If you want to put analytics to work and build a more analytical organization, you need two cadres of employees:
- Analytics professionals to mine and prepare data, perform statistical operations, build models, and program the surrounding business applications.
- Analytical business people who are ready, able, and eager to use better information and analyses in their work, as well as to work with the professionals on analytics projects.
In Analytics at Work, we call the latter group “ analytical amateurs.” That doesn’t mean amateurish – only that you’re not a professional, that analytics isn’t your main occupation. You can be a scratch golfer or ace tennis player while still an amateur. Amateurs can be very accomplished analytically – in using analytical applications, envisioning additional opportunities for using analytics, and participating as business staff on analytics projects. You’re in luck if your CEO, executive team, and general managers across the business are all accomplished analytical amateurs.
There is widespread recognition of the shortage of analytical professionals. Lesser appreciated is the fact that most organizations are also way short on analytical amateurs. A May 2011 McKinsey Global Institute study on big data analytics predicted a coming shortfall of around 150,000 people with deep analytical skills – and a shortfall of 1.5 million business people with the know-how to put big data analytics to use.
The key to overcoming these shortages is to develop talent in both cadres together. In other words, the most important question may not be, “How can we hire more analysts?” But rather, “How can our analytical professionals best work together with our business people?”
The most effective employee development happens on-the-job, day-to-day, often one-on-one. The way to expand the business acumen of analytics professionals is to have them spend plenty of time working with business colleagues. The way to expand the analytical capability and appetite of analytical amateurs (a.k.a., business managers and professionals) is to have them work directly with analytics professionals on both analytics projects and simply meeting their own information needs.
By spending time “in the field,” professional analysts gain greater familiarity with business operations and pragmatic appreciation for how analytics are used in management decisions and employee workflows. What do the business people learn?
- To be more aware of the data they use and their own decision processes. They get better at evaluating and improving their data and adjusting their decision processes depending on the quality and sufficiency of data at hand.
- To serve themselves with data and analyses. They become more adept at finding data and using business intelligence and visual analytics tools, more rigorous in using established tools like spreadsheets, and thus better able to meet many of their analytical needs independently and immediately.
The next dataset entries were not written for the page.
lemma self_inversive_trig_zeros:
  assumes "a 0 = 1" and "(\<Sum>m=1..n. norm (a m)) < 1"
  obtains \<phi> where
    "\<And>j. 2 * pi * real j / real (2*n+1) < \<phi> j"
    "\<And>j. \<phi> j < 2 * pi * real (Suc j) / real (2*n+1)"
    "\<And>j. self_inversive_trig a n (\<phi> j) = 0"
proof -
  define t where "t j = 2 * pi * real j / real (2*n+1)" for j
  have "\<exists>x. t j < x \<and> x < t (Suc j) \<and> self_inversive_trig a n x = 0" for j
  proof (rule IVT_sign_change)
    show "t j \<le> t (Suc j)"
      unfolding t_def by (simp add: divide_right_mono)
    have "0 < ((-1)^j * self_inversive_trig a n (t j)) * ((-1)^Suc j * self_inversive_trig a n (t (Suc j)))"
      using self_inversive_trig_grid_sign[OF assms, of j] self_inversive_trig_grid_sign[OF assms, of "Suc j"]
      unfolding t_def by (rule mult_pos_pos)
    then show "self_inversive_trig a n (t j) * self_inversive_trig a n (t (Suc j)) < 0"
      by (cases "even j") auto
  qed (rule continuous_on_self_inversive_trig)
  then show ?thesis
    using that unfolding t_def by metis
qed

lemma inj_on_cis: "inj_on cis {a<..a + 2 * pi}"
proof (rule inj_onI)
  fix x y
  assume "x \<in> {a<..a + 2 * pi}" "y \<in> {a<..a + 2 * pi}" "cis x = cis y"
  then have "x - (a + pi) \<in> {-pi<..pi}" "y - (a + pi) \<in> {-pi<..pi}"
    "cis (x - (a + pi)) = cis (y - (a + pi))"
    by (auto simp: cis_divide[symmetric])
  then have "x - (a + pi) = y - (a + pi)"
    by (metis Arg_cis)
  then show "x = y"
    by simp
qed

lemma self_inversive_trig_distinct_zeros:
  assumes "a 0 = 1" and "(\<Sum>m=1..n. norm (a m)) < 1"
  obtains \<phi> where "inj_on \<phi> {..<2*n+1}" "\<phi> ` {..<2*n+1} \<subseteq> {0<..0 + 2 * pi}"
    "\<And>j. self_inversive_trig a n (\<phi> j) = 0"
proof -
  define N where "N = 2*n+1"
  define t where "t j = 2 * pi * real j / real N" for j
  obtain \<phi> where \<phi>_gt: "\<And>j. t j < \<phi> j" and \<phi>_lt: "\<And>j. \<phi> j < t (Suc j)"
    and zero: "\<And>j. self_inversive_trig a n (\<phi> j) = 0"
    using self_inversive_trig_zeros[OF assms] unfolding N_def t_def by blast
  have t_mono: "t j \<le> t k" if "j \<le> k" for j k
    unfolding t_def using that by (intro divide_right_mono mult_left_mono) auto
  have "strict_mono_on {..<N} \<phi>"
  proof (rule strict_mono_onI)
    fix j k :: nat
    assume "j < k"
    then show "\<phi> j < \<phi> k"
      using \<phi>_lt[of j] t_mono[of "Suc j" k] \<phi>_gt[of k] by linarith
  qed
  then have "inj_on \<phi> {..<N}"
    by (rule strict_mono_on_imp_inj_on)
  moreover have "\<phi> ` {..<N} \<subseteq> {0<..0 + 2 * pi}"
  proof safe
    fix j
    assume "j < N"
    have "t 0 = 0" "t N = 2 * pi"
      unfolding t_def N_def by simp_all
    then have "0 < \<phi> j" "\<phi> j \<le> 2 * pi"
      using \<phi>_gt[of j] \<phi>_lt[of j] t_mono[of 0 j] t_mono[of "Suc j" N] \<open>j < N\<close> by auto
    then show "\<phi> j \<in> {0<..0 + 2 * pi}"
      by simp
  qed
  ultimately show ?thesis
    using that zero unfolding N_def by blast
qed

lemma self_inversive_poly_unit_roots:
  assumes "a 0 = 1" and "(\<Sum>m=1..n. norm (a m)) < 1"
  obtains U where "card U = 2*n+1" "\<forall>u\<in>U. norm u = 1"
    "\<forall>u\<in>U. poly (self_inversive_poly a n) u = 0"
proof -
  obtain \<phi> where inj: "inj_on \<phi> {..<2*n+1}" and range: "\<phi> ` {..<2*n+1} \<subseteq> {0<..0 + 2 * pi}"
    and zero: "\<And>j. self_inversive_trig a n (\<phi> j) = 0"
    using self_inversive_trig_distinct_zeros[OF assms] by blast
  have "inj_on (cis \<circ> \<phi>) {..<2*n+1}"
    using inj inj_on_subset[OF inj_on_cis range] by (rule comp_inj_on)
  then have "card ((cis \<circ> \<phi>) ` {..<2*n+1}) = 2*n+1"
    using card_image by fastforce
  moreover have "poly (self_inversive_poly a n) (cis (\<phi> j)) = 0" for j
    by (simp add: poly_self_inversive_poly_cis zero)
  ultimately show ?thesis
    using that[of "(cis \<circ> \<phi>) ` {..<2*n+1}"] by auto
qed

lemma poly_eq_prod_inverse_roots:
  fixes P :: "'a::field poly"
  assumes "finite U" "0 \<notin> U" "degree P \<le> card U"
    and "poly P 0 = 1" "\<And>u. u \<in> U \<Longrightarrow> poly P u = 0"
  shows "P = (\<Prod>u\<in>U. [:1, - inverse u:])"
proof (rule poly_eqI_degree[where A = "insert 0 U"])
  fix x
  assume "x \<in> insert 0 U"
  then show "poly P x = poly (\<Prod>u\<in>U. [:1, - inverse u:]) x"
  proof
    assume "x = 0"
    then show ?thesis
      using assms(4) by (simp add: poly_prod)
  next
    assume "x \<in> U"
    then have "x \<noteq> 0"
      using assms(2) by auto
    then have "poly [:1, - inverse x:] x = 0"
      by simp
    then have "poly (\<Prod>u\<in>U. [:1, - inverse u:]) x = 0"
      unfolding poly_prod using \<open>x \<in> U\<close> assms(1) by (intro prod_zero) auto
    then show ?thesis
      using assms(5) \<open>x \<in> U\<close> by simp
  qed
next
  have "degree (\<Prod>u\<in>U. [:1, - inverse u:]) \<le> (\<Sum>u\<in>U. degree [:1, - inverse u:])"
    using degree_prod_sum_le[OF assms(1), of "\<lambda>u. [:1, - inverse u:]"] by (simp add: o_def)
  also have "\<dots> \<le> card U"
    using sum_mono[of U "\<lambda>u. degree [:1, - inverse u:]" "\<lambda>_. 1"] by simp
  finally have "degree (\<Prod>u\<in>U. [:1, - inverse u:]) \<le> card U" .
  moreover have "card (insert 0 U) = card U + 1"
    using assms(1,2) by simp
  ultimately show "degree P < card (insert 0 U)" "degree (\<Prod>u\<in>U. [:1, - inverse u:]) < card (insert 0 U)"
    using assms(3) by linarith+
qed
theorem proposition4p5:
  fixes sm :: "complex \<Rightarrow> 'a::ring_1 \<Rightarrow> 'a" and st :: "'a \<Rightarrow> 'a"
    and \<phi> :: "'a \<Rightarrow> complex" and \<tau> :: "'a \<Rightarrow> 'a" and T :: "'a set"
  assumes "star_dynamical_system sm st \<phi> \<tau>"
    and "phi_total sm st \<phi> T"
  shows "(ergodic sm st \<phi> \<tau> \<longrightarrow>
            (\<forall>A. (\<lambda>n. phi_norm st \<phi> (avg_dev sm \<phi> \<tau> A n)) \<longlonglongrightarrow> 0))
       \<and> ((\<forall>A\<in>T. (\<lambda>n. phi_norm st \<phi> (avg_dev sm \<phi> \<tau> A n)) \<longlonglongrightarrow> 0) \<longrightarrow>
            ergodic sm st \<phi> \<tau>)"
proof -
  interpret sip_contraction_unit sm "\<lambda>A B. \<phi> (st A * B)" \<tau> 1
    using assms(1) by (rule star_dynamical_system_sip_contraction_unit)
  have "st 1 = 1"
    using assms(1) star_algebra_star_one unfolding star_dynamical_system_def by blast
  have phi_norm: "phi_norm st \<phi> = snorm"
    by (simp add: fun_eq_iff phi_norm_def snorm_def)
  have avg_dev: "avg_dev sm \<phi> \<tau> A n = average n A - sm (\<phi> (st 1 * A)) 1" for A n
    by (simp add: avg_dev_def average_def \<open>st 1 = 1\<close>)
  have ergodic: "ergodic sm st \<phi> \<tau> \<longleftrightarrow> sip_ergodic"
    by (simp add: ergodic_def sip_ergodic_def snorm_Cauchy_def phi_norm)
  have dense: "\<forall>A. \<forall>\<epsilon>>0. \<exists>B\<in>span T. snorm (A - B) < \<epsilon>"
    using assms(2) by (simp add: phi_total_def phi_norm)
  show ?thesis
    unfolding phi_norm avg_dev ergodic
    using sip_ergodic_imp_average_tendsto average_tendsto_imp_sip_ergodic
      average_tendsto_on_dense[OF dense]
    by blast
qed

end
- To understand the logic and methods behind the analytical models, applications, and outputs they use. Will they pick up some statistical methods? Perhaps, but the real goal is to learn enough to understand and trust their analytics – and develop a sense of the limitations of analytics.
Analytical amateurs accomplished in these ways not only make better use of analytics in their decisions and work, but also make greater contributions when serving as subject matter experts or otherwise participating in analytics development initiatives.
In analytical organizations such as Procter & Gamble, professional analysts spend a lot of time in the field, including “embedded” in business units. And there’s an active rotation program getting business people into analytical roles (many of which don’t require PhDs in statistics or deep data scientist skills). Analyst talent may be in short supply, but the solution is to kill two birds with one stone and develop the two cadres together.